— Крапку, — сказал вдруг Рысаков.
Я вспомнил партизана Скворцова. Небольшого роста, юркий и постоянно веселый, парень пришел в отряд совсем недавно, в феврале. В отличие от многих других, он сохранил военное обмундирование, даже большие армейские ботинки; только шапку прихватил где-то крестьянскую. Родом он был из Красного Рога, а в отряд пришел из гомельского лагеря военнопленных.
Вскоре после того, как Скворцов, или Крапка, как прозвали его партизаны, обосновался в отряде, мы узнали, что его отец — один из самых гнусных полицейских в Красном Роге. Парня, естественно, заподозрили в шпионаже. Скворцову пришлось бы худо, если бы не то спокойствие, с каким он отнесся к обвинению и угрозе расстрела. Это спокойствие, безропотная готовность встретить свой смертный час удержали нас от исполнения приговора. Некоторое время за Скворцовым тщательно наблюдали. Но он так отчаянно воевал и так забавно веселил всех, что его оставили в покое.
Когда в чем-нибудь у него была нужда, он говорил: «Дай мне крапку хлеба», или «крапку соли», или «крапку табаку». «Крапка» значило у него, видимо, крупица.
Так «Крапкой» его и прозвали. Вот о нем-то и вспомнил Рысаков. Документ Крапки, свидетельствующий о том, что он отпущен из лагеря на поруки знакомых горожан, у Рысакова сохранился. Но он был датирован 15 января. Это поставило нас в затруднение. Естественно, Крапку могли спросить, где он так долго шлялся. Помог Иван Васильевич Гуторов. Он мастерски переправил «януар» на «фебруар». Немцы, конечно, не знали о пребывании Крапки в отряде. Знай они об этом, его отцу давно бы не сдобровать. А отец был у немцев в большом почете.
Крапка с радостью принял предложение Рысакова.
— Не бывал я еще в таком переплете, но испытать надо. В общем не сомневайтесь, дело свое сделаю, — говорил он.
И Скворцов отправился в разведку. Вскоре от него поступили первые сведения. «Отец принял хорошо. Хочет устроить меня в полицию». И Крапка спрашивал: «Итти?» Мы ответили: «Иди». А через несколько дней он прислал нам схему расположений учреждений, войск и обороны Красного Рога. Оборона была довольно примитивной. Самое большое препятствие представляло проволочное заграждение в два кола. Оно тянулось от северо-восточной окраины Заречья до выхода из села на дорогу к станции и от восточной окраины до выхода на дорогу в Пьяный Рог. Примерно метров на пять — десять впереди заграждения был протянут простой телеграфный провод, увешанный консервными жестянками. Провод заменял ночной патруль и караул. Достаточно было кому-нибудь зацепить за провод, как банки начинали греметь. Тогда на звук открывался сильный огонь с чердака больницы, со школы и других зданий, где были установлены пулеметные гнезда. Штука забавная, и нас она рассмешила. Пришлось все же подумать, как преодолеть это новое для нас препятствие.

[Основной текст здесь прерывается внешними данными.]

lemma eval2_fps_pCons: "eval2_fps X Y (pCons c G) = poly_fps X c + Y * eval2_fps X Y G"
  unfolding eval2_fps_def by (rule poly_fps.poly_map_poly_pCons)

lemma eval2_fps_const [simp]: "eval2_fps X Y [:c:] = poly_fps X c"
  by (simp add: eval2_fps_pCons)

lemma eval2_fps_y [simp]: "eval2_fps X Y [:0, 1:] = Y"
  by (simp add: eval2_fps_pCons)

lemma eval2_fps_nth_0: "eval2_fps X Y G $ 0 = eval2 G (X $ 0) (Y $ 0)"
  unfolding eval2_fps_def eval2_def by (subst fps_nth_0_poly_map_poly) (simp_all add: poly_fps_nth_0)

lemma eval2_fps_curve_eq:
  assumes "Y ^ d = poly_fps X f"
  shows "eval2_fps X Y (curve_eq f d) = 0"
  using assms by (simp add: curve_eq_def monom_altdef eval2_fps_pCons)

lemma eval2_fps_eq_0_if_curve_eq_dvd:
  assumes "Y ^ d = poly_fps X f" "curve_eq f d dvd G"
  shows "eval2_fps X Y G = 0"
  using assms eval2_fps_curve_eq[OF assms(1)] by (auto elim!: dvdE)

section \<open>Formal power series\<close>

lemma fps_X_power_dvd_iff:
  fixes F :: "'a::field fps"
  shows "fps_X ^ k dvd F \<longleftrightarrow> (\<forall>j<k. F $ j = 0)"
proof (cases "F = 0")
  case False
  then have "fps_X ^ k dvd F \<longleftrightarrow> k \<le> subdegree F"
    by (simp add: fps_dvd_iff fps_X_power_subdegree)
  also have "\<dots> \<longleftrightarrow> (\<forall>j<k. F $ j = 0)"
    using False by (auto intro: subdegree_geI nth_less_subdegree_zero)
  finally show ?thesis .
qed simp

2 апреля Крапка сообщил, что на восьмое число немцы назначили наступление на партизан. Вести его они собирались одновременно из Красного Рога и станции Выгоничи. Цель — очистить от партизан весь западный берег Десны и отбросить нас в лес. Ко дню наступления прибудет из Почепа артиллерия.

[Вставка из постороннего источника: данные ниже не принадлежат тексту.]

lemma quadtree_size_le_root:
  assumes q: "quadtree R T" and X: "X \<in> T"
  shows "snd X \<le> snd R"
proof (cases "snd X = 0")
  case True
  thus ?thesis using q unfolding quadtree_def by simp
next
  case False
  hence "0 < snd X" using quadtree_size_nonneg[OF q X] by simp
  then obtain k where "X \<in> dyadic_level R k" using quadtree_in_dyadic_level[OF q X] by blast
  thus ?thesis using q unfolding quadtree_def
    by (simp add: size_dyadic_level divide_le_eq)
qed

lemma quadtree_contains_parent:
  assumes W: "quadtree R W" and T: "quadtree R T"
    and P: "P \<in> T" and Y: "Y \<in> children P" "Y \<in> W"
  shows "P \<in> W"
proof (cases "snd P = 0")
  case True
  thus ?thesis using Y children_size_zero[OF True] by simp
next
  case False
  hence P_pos: "0 < snd P" using quadtree_size_nonneg[OF T P] by simp
  have R: "0 < snd R" using T unfolding quadtree_def by simp
  have "snd Y < snd R"
    using size_child[OF Y(1)] quadtree_size_le_root[OF T P] P_pos by simp
  hence "Y \<noteq> R" by auto
  then obtain P' where P': "P' \<in> W" "Y \<in> children P'" using W Y(2) unfolding quadtree_def by blast
  have "0 < snd P'" using size_child[OF P'(2)] size_child[OF Y(1)] P_pos by simp
  obtain k where "P \<in> dyadic_level R k" using quadtree_in_dyadic_level[OF T P P_pos] by blast
  moreover obtain k' where "P' \<in> dyadic_level R k'"
    using quadtree_in_dyadic_level[OF W P'(1) \<open>0 < snd P'\<close>] by blast
  ultimately have "P = P'" using dyadic_level_parent_unique[OF R _ _ Y(1) P'(2)] by blast
  thus ?thesis using P' by simp
qed

lemma ancestor_mem_quadtree:
  assumes Q: "quadtree R Q" and T: "quadtree R T" and C: "C \<in> Q" and anc: "ancestor T P C"
  shows "P \<in> Q"
  using anc[unfolded ancestor_def]
proof (induction rule: converse_rtrancl_induct)
  case base
  show ?case using C .
next
  case (step Y Z)
  thus ?case using quadtree_contains_parent[OF Q T] by blast
qed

Этого мы ожидали. Но теперь нам стал известен день наступления. Таким образом, мы получили возможность опередить события до того, как подойдет артиллерия.
С задачей полного разгрома противника в ночь на 4 апреля мы и выехали по направлению к Красному Рогу. Операция была разработана тщательно. Сложность ее заключалась не только в том, что противник превосходил нас в три раза численностью, не говоря уже о вооружении (у нас было сто пять человек, а у противника более трехсот), но и в том, что, по плану, наши группы одновременно должны были ворваться в село с четырех сторон и сблизиться в центре у зданий бывшей школы и больницы. Основные силы немцев располагались в здании больницы. Здание это двухэтажное, низ его кирпичный, превращенный в огромный дот, верх деревянный, с пулеметными гнездами на чердаке. В школе находились теперь жандармы и управа. В ближайших домах размещалась полиция.
Больницу должны были атаковать группа Черного из Заречья и группа Котомина со стороны села. На дорогах оставались заслоны, они отрезали пути отхода врагу и прикрывали атакующих. Управление боем требовало в этих условиях безукоризненной точности и четкости.
Но при помощи каких средств управлять? Телефонов нет, радиосвязи и подавно. А группы одна от другой и от командного пункта будут находиться в двух-трех километрах. Конные и пешие посыльные на таком расстоянии, да еще при снежном покрове, достигающем полутора метров, — связь крайне замедленная и ненадежная. Если бой будет развиваться успешно, то разгорячившиеся группы и не заметят, как переколотят друг друга. Без расчета же на успех нечего было и дело начинать.
Я понимал, что обеспечить управление может только световая сигнализация. Поэтому мы заранее разработали систему сигналов, ее точно усвоили все подразделения. Ракеты и ракетницы у нас имелись в достаточном количестве.